Samuel paused while the waitress plunked down two glasses, followed by big metal milkshake tumblers. His strawberry milkshake looked as thick as cement. Damn, did he love this place.
“Professor Berry said there was an easy way to prove him wrong: meet with you on and off for a week. If the city's accident rate didn't go down when we were together, and back up when we were apart, he'd return his consulting fee to the city.” The shake made a satisfying plopping sound as he poured it into the glass. “His ideas are wacked. ‘Data mining for non-intuitive connections'? You can smell the bullshit from three pastures away."

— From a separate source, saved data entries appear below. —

(* Let $n\ge2$ and let $L_2$ and $T_2$ denote the partial maxima BLUE and BLIE of $\theta_2$, and $\mathbf{m},\mathbf{S},\mathbf{D}$ as in the context. (i) There exists a constant $a=a_n(F)$ with $0<a<1$, depending only on $n$ and $F$ (not on $\theta_1,\theta_2$), such that $T_2=aL_2$; it is given by $a=\mathbf{m}'\mathbf{D}^{-1}\mathbf{m}=\mathbf{m}'\mathbf{S}^{-1}\mathbf{m}/(1+\mathbf{m}'\mathbf{S}^{-1}\mathbf{m})$. (ii) If either $n=2$ or $F$ is such that $\operatorname{Cov}[Z_i,Z_j]\le0$ for all $i\ne j$, $i,j=1,\dots,n-1$, then the partial maxima BLUE (and BLIE) of $\theta_2$ is non-negative.
   Context: $F$ is a known, parameter-free, non-degenerate distribution function on $\mathbb{R}$ with finite variance. For unknown $\theta_1\in\mathbb{R}$, $\theta_2>0$, $X_1^*,\dots,X_n^*$ are i.i.d. with distribution function $F((x-\theta_1)/\theta_2)$ and $X^*_{j:j}=\max\{X_1^*,\dots,X_j^*\}$; $X_1,\dots,X_n$ are i.i.d. from $F$ and $X_{j:j}=\max\{X_1,\dots,X_j\}$. Spacings: $Z_i=X_{i+1:i+1}-X_{i:i}$, $i=1,\dots,n-1$, $\mathbf{Z}=(Z_1,\dots,Z_{n-1})'$, $\mathbf{m}=\mathbb{E}[\mathbf{Z}]$, $\mathbf{S}$ the covariance matrix of $\mathbf{Z}$, $\mathbf{D}=\mathbb{E}[\mathbf{Z}\mathbf{Z}']$. Linear estimators are $\mathbf{c}'\mathbf{X}^*=\sum_i c_iX^*_{i:i}$ with constant $c_i$. BLUE of $\theta_2$: the linear estimator unbiased for $\theta_2$ for all $(\theta_1,\theta_2)$ with minimum variance. A linear statistic $L$ is invariant for $\theta_2$ if $L(b\mathbf{X}^*+a\mathbf{1})=bL(\mathbf{X}^* )$ for all $a\in\mathbb{R}$, $b>0$; BLIE of $\theta_2$: the invariant linear statistic minimizing $\mathbb{E}[L-\theta_2]^2$. *)

theory Defs
  imports "HOL-Probability.Probability" "Jordan_Normal_Form.Matrix"
begin

text \<open>The standard sample X_1,...,X_n i.i.d. from F (= law M) is modelled by the
  product measure on functions omega with omega k = X_(k+1) for k < n.\<close>
definition pm_sample :: "nat \<Rightarrow> real measure \<Rightarrow> (nat \<Rightarrow> real) measure" where
  "pm_sample n M = PiM {..<n} (\<lambda>_. M)"

definition pmax :: "(nat \<Rightarrow> real) \<Rightarrow> nat \<Rightarrow> real" where
  "pmax x j = Max (x ` {..<j})"

text \<open>Linear estimator c'X* = sum_{i=1}^n c_i X*_{i:i}, where X*_k = theta1 + theta2 X_k
  (so X* has distribution function F((x - theta1)/theta2)).\<close>
definition lin_est :: "nat \<Rightarrow> (nat \<Rightarrow> real) \<Rightarrow> real \<Rightarrow> real \<Rightarrow> (nat \<Rightarrow> real) \<Rightarrow> real" where
  "lin_est n c \<theta>1 \<theta>2 \<omega> = (\<Sum>i=1..n. c i * pmax (\<lambda>k. \<theta>1 + \<theta>2 * \<omega> k) i)"

definition unbiased_scale :: "nat \<Rightarrow> real measure \<Rightarrow> (nat \<Rightarrow> real) \<Rightarrow> bool" where
  "unbiased_scale n M c \<longleftrightarrow>
     (\<forall>\<theta>1 \<theta>2. \<theta>2 > 0 \<longrightarrow> (\<integral>\<omega>. lin_est n c \<theta>1 \<theta>2 \<omega> \<partial>pm_sample n M) = \<theta>2)"

definition est_var :: "nat \<Rightarrow> real measure \<Rightarrow> (nat \<Rightarrow> real) \<Rightarrow> real \<Rightarrow> real \<Rightarrow> real" where
  "est_var n M c \<theta>1 \<theta>2 =
     (\<integral>\<omega>. (lin_est n c \<theta>1 \<theta>2 \<omega> - (\<integral>\<omega>'. lin_est n c \<theta>1 \<theta>2 \<omega>' \<partial>pm_sample n M))\<^sup>2 \<partial>pm_sample n M)"

definition is_BLUE :: "nat \<Rightarrow> real measure \<Rightarrow> (nat \<Rightarrow> real) \<Rightarrow> bool" where
  "is_BLUE n M c \<longleftrightarrow> unbiased_scale n M c \<and>
     (\<forall>c'. unbiased_scale n M c' \<longrightarrow>
        (\<forall>\<theta>1 \<theta>2. \<theta>2 > 0 \<longrightarrow> est_var n M c \<theta>1 \<theta>2 \<le> est_var n M c' \<theta>1 \<theta>2))"

definition invariant_scale :: "nat \<Rightarrow> (nat \<Rightarrow> real) \<Rightarrow> bool" where
  "invariant_scale n c \<longleftrightarrow>
     (\<forall>y a b. b > 0 \<longrightarrow> (\<Sum>i=1..n. c i * (b * y i + a)) = b * (\<Sum>i=1..n. c i * y i))"

definition est_mse :: "nat \<Rightarrow> real measure \<Rightarrow> (nat \<Rightarrow> real) \<Rightarrow> real \<Rightarrow> real \<Rightarrow> real" where
  "est_mse n M c \<theta>1 \<theta>2 = (\<integral>\<omega>. (lin_est n c \<theta>1 \<theta>2 \<omega> - \<theta>2)\<^sup>2 \<partial>pm_sample n M)"

definition is_BLIE :: "nat \<Rightarrow> real measure \<Rightarrow> (nat \<Rightarrow> real) \<Rightarrow> bool" where
  "is_BLIE n M c \<longleftrightarrow> invariant_scale n c \<and>
     (\<forall>c'. invariant_scale n c' \<longrightarrow>
        (\<forall>\<theta>1 \<theta>2. \<theta>2 > 0 \<longrightarrow> est_mse n M c \<theta>1 \<theta>2 \<le> est_mse n M c' \<theta>1 \<theta>2))"

definition spacing :: "nat \<Rightarrow> (nat \<Rightarrow> real) \<Rightarrow> real" where
  "spacing i \<omega> = pmax \<omega> (Suc i) - pmax \<omega> i"

definition spacing_mean :: "nat \<Rightarrow> real measure \<Rightarrow> nat \<Rightarrow> real" where
  "spacing_mean n M i = (\<integral>\<omega>. spacing i \<omega> \<partial>pm_sample n M)"

definition spacing_cov :: "nat \<Rightarrow> real measure \<Rightarrow> nat \<Rightarrow> nat \<Rightarrow> real" where
  "spacing_cov n M i j =
     (\<integral>\<omega>. (spacing i \<omega> - spacing_mean n M i) * (spacing j \<omega> - spacing_mean n M j) \<partial>pm_sample n M)"

definition spacing_moment :: "nat \<Rightarrow> real measure \<Rightarrow> nat \<Rightarrow> nat \<Rightarrow> real" where
  "spacing_moment n M i j = (\<integral>\<omega>. spacing i \<omega> * spacing j \<omega> \<partial>pm_sample n M)"

text \<open>m = E[Z], S = Cov(Z), D = E[Z Z'] as (n-1)-vectors/matrices (0-based entries:
  entry i corresponds to Z_(i+1)).\<close>
definition m_vec :: "nat \<Rightarrow> real measure \<Rightarrow> real vec" where
  "m_vec n M = vec (n - 1) (\<lambda>i. spacing_mean n M (Suc i))"

definition S_mat :: "nat \<Rightarrow> real measure \<Rightarrow> real mat" where
  "S_mat n M = mat (n - 1) (n - 1) (\<lambda>(i, j). spacing_cov n M (Suc i) (Suc j))"

definition D_mat :: "nat \<Rightarrow> real measure \<Rightarrow> real mat" where
  "D_mat n M = mat (n - 1) (n - 1) (\<lambda>(i, j). spacing_moment n M (Suc i) (Suc j))"

text \<open>Matrix inverse (meaningful for invertible square matrices).\<close>
definition mat_inv :: "real mat \<Rightarrow> real mat" where
  "mat_inv A = (SOME B. inverts_mat A B \<and> inverts_mat B A)"

end

theory Submission
  imports Defs "Jordan_Normal_Form.Determinant"
begin

text \<open>By Abel summation every linear statistic of the partial maxima X*_(i:i) = theta1 + theta2 X_(i:i)
  equals theta1 sum_i c_i + theta2 (X_(1:1) sum_i c_i + t'Z) with the tail sums t_j = sum_(i>j+1) c_i as
  coefficients of the spacings. Invariance means sum_i c_i = 0 and unbiasedness additionally t'm = 1;
  then the variance is theta2^2 t'St and the mean squared error theta2^2 (t'Dt - 2t'm + 1), where
  D = S + mm'. The spacings are almost surely linearly independent, so S is positive definite, and
  completing squares identifies the BLUE tails S\<inverse>m/beta, beta = m'S\<inverse>m, and the BLIE tails
  D\<inverse>m = (1 - a) S\<inverse>m, whence a = m'D\<inverse>m = beta/(1 + beta) and T_2 = a L_2. Non-negativity
  holds because spacings are non-negative, so m \<ge> 0, and Sx = m \<ge> 0 forces x \<ge> 0 when the
  positive definite S has non-positive off-diagonal entries.\<close>

definition square_integrable :: "'a measure \<Rightarrow> ('a \<Rightarrow> real) \<Rightarrow> bool" where
  "square_integrable N f \<longleftrightarrow> f \<in> borel_measurable N \<and> integrable N (\<lambda>x. (f x)\<^sup>2)"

“You know what I wanted to ask him? How did he know when particular people were in the vicinity of each other?"
“He monitored license plates. There were surveillance cameras mounted to record the comings and goings of every single vehicle, twenty-four hours a day, for eight months."
Tuesday was digging through her bowl of sweet-potato fries, tossing one after another into a pile on the edge of her plate. Her arm was dusted with freckles.
“What are you doing?” Samuel asked.
“I'm not that hungry, so I'm only going to eat the most attractive ones."